Action item
Determine how many lines in the records include "definition". Write the number and nothing more.

###

(* Assume (A1)–(A5) hold, and let $\{u_k\}_{k\ge0}$ be the exact-data iteration defined below. Then $u_k\in\mathcal B_\wp(u^\dagger)$ for all $k\ge0$, and $$\|u_{k+1}-u^\dagger\|^2-\|u_k-u^\dagger\|^2\le-2\mathcal C_0\|\mathcal F(u_k)-v\|^2\qquad\text{for all }k\ge0,$$ where $\mathcal C_0:=(1-\eta)\zeta-\nu_0(\wp+\nu_1)-\zeta_0^2>0$. Consequently $\{\|u_k-u^\dagger\|\}_{k\ge0}$ is monotonically decreasing, and $$\sum_{k=0}^\infty\|\mathcal F(u_k)-v\|^2\le\frac1{2\mathcal C_0}\|u_0-u^\dagger\|^2<\infty .$$
   Context: Spaces and operator. Let $\mathcal U=\mathbb R^N$ and $\mathcal V=\mathbb R^M$ carry the Euclidean inner product and norm. Let $\mathcal F:\mathcal D(\mathcal F)\subset\mathcal U\to\mathcal V$ be a (possibly nonlinear) operator, let $v\in\mathcal V$ be exact data, and let $\mathcal B_r(x)$ denote the closed ball of radius $r$ centred at $x$. Images and graph Laplacian. Elements of $\mathcal U$ are images on a pixel grid $\mathcal S=\{1,\dots,p\}\times\{1,\dots,q\}$ with $N=pq$. Fix $R\in(0,\infty)$, $\lambda>0$ and a metric $d$ on $\mathcal S$. For $u\in\mathcal U$, define $$(W_u)_{ab}=\mathbf 1_{(0,R]}(d(a,b))\exp(-|u(a)-u(b)|^2/\lambda),$$ let $D_u$ be the diagonal matrix of row sums of $W_u$, and set $\Delta_u=D_u-W_u$. Exact-data iteration. Let $\Psi:\mathcal V\to\mathcal U$ be a reconstruction map and set $u_0=\Psi(v)$. Define $$u_{k+1}=u_k-\alpha_k\mathcal F'(u_k)^*\big(\mathcal F(u_k)-v\big)-\beta_k\Delta_{u_k}u_k,$$ with $$\alpha_k=\min\Big\{\frac{\zeta_0\|\mathcal F(u_k)-v\|}{\|\mathcal F'(u_k)^*(\mathcal F(u_k)-v)\|},\zeta_1\Big\}.$$ If $\|\Delta_{u_k}u_k\|\ne0$, then $$\beta_k=\min\Big\{\frac{\nu_0\|\mathcal F(u_k)-v\|^2}{\|\Delta_{u_k}u_k\|},\frac{\nu_1}{\|\Delta_{u_k}u_k\|},\nu_2\Big\},$$ and otherwise $\beta_k=0$. Here $\zeta_0,\zeta_1,\nu_0,\nu_1,\nu_2>0$ are constants, and $\zeta>0$ is a constant with $\zeta\le\alpha_k$ for all $k$. Operator assumptions. There exist $\wp>0$, $B>0$, $\eta\in[0,1)$ and $L\ge0$ such that for all $u,w\in\mathcal B_{3\wp}(u_0)\subset\mathcal D(\mathcal F)$: - (A1) $\mathcal F$ is Fréchet differentiable with $u\mapsto\mathcal F'(u)$ continuous; - (A2) $\|\mathcal F'(u)\|\le B$; - (A3) $\|\mathcal F(u)-\mathcal F(w)-\mathcal F'(w)(u-w)\|\le\eta\|\mathcal F(u)-\mathcal F(w)\|$; - (A4) $\|\mathcal F'(u)-\mathcal F'(w)\|\le L\|u-w\|$; - (A5) there exists $u^\dagger\in\mathcal B_\wp(u_0)$ with $\mathcal F(u^\dagger)=v$. Standing parameter condition. Fix $\mathcal H>\frac{1+\eta}{1-\eta}$. The constant $\zeta$ is assumed to satisfy $$\zeta>\frac{\nu_0(\wp+\nu_1)+\zeta_0^2}{1-\eta-\frac{1+\eta}{\mathcal H}} .$$ *)

theory Defs
  imports "HOL-Analysis.Analysis"
begin

text \<open>Images on the pixel grid {1..p} x {1..q} are modelled as vectors indexed by
  the finite product type 'p \<times> 'q; an image is u :: real^('p \<times> 'q).\<close>

definition is_metric_on_pixels :: "('a \<Rightarrow> 'a \<Rightarrow> real) \<Rightarrow> bool" where
  "is_metric_on_pixels d \<longleftrightarrow>
     (\<forall>a b. 0 \<le> d a b) \<and> (\<forall>a b. d a b = 0 \<longleftrightarrow> a = b) \<and>
     (\<forall>a b. d a b = d b a) \<and> (\<forall>a b c. d a c \<le> d a b + d b c)"

definition graph_weight ::
  "('a::finite \<Rightarrow> 'a \<Rightarrow> real) \<Rightarrow> real \<Rightarrow> real \<Rightarrow> real^'a \<Rightarrow> real^'a^'a" where
  "graph_weight d R lam u =
     (\<chi> a b. (if 0 < d a b \<and> d a b \<le> R then 1 else 0) * exp (- (\<bar>u $ a - u $ b\<bar>)\<^sup>2 / lam))"

definition graph_degree ::
  "('a::finite \<Rightarrow> 'a \<Rightarrow> real) \<Rightarrow> real \<Rightarrow> real \<Rightarrow> real^'a \<Rightarrow> real^'a^'a" where
  "graph_degree d R lam u =
     (\<chi> a b. if a = b then (\<Sum>c\<in>UNIV. graph_weight d R lam u $ a $ c) else 0)"

definition graph_laplacian ::
  "('a::finite \<Rightarrow> 'a \<Rightarrow> real) \<Rightarrow> real \<Rightarrow> real \<Rightarrow> real^'a \<Rightarrow> real^'a^'a" where
  "graph_laplacian d R lam u = graph_degree d R lam u - graph_weight d R lam u"

end

theory Submission
  imports Defs
begin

###

Solution below
4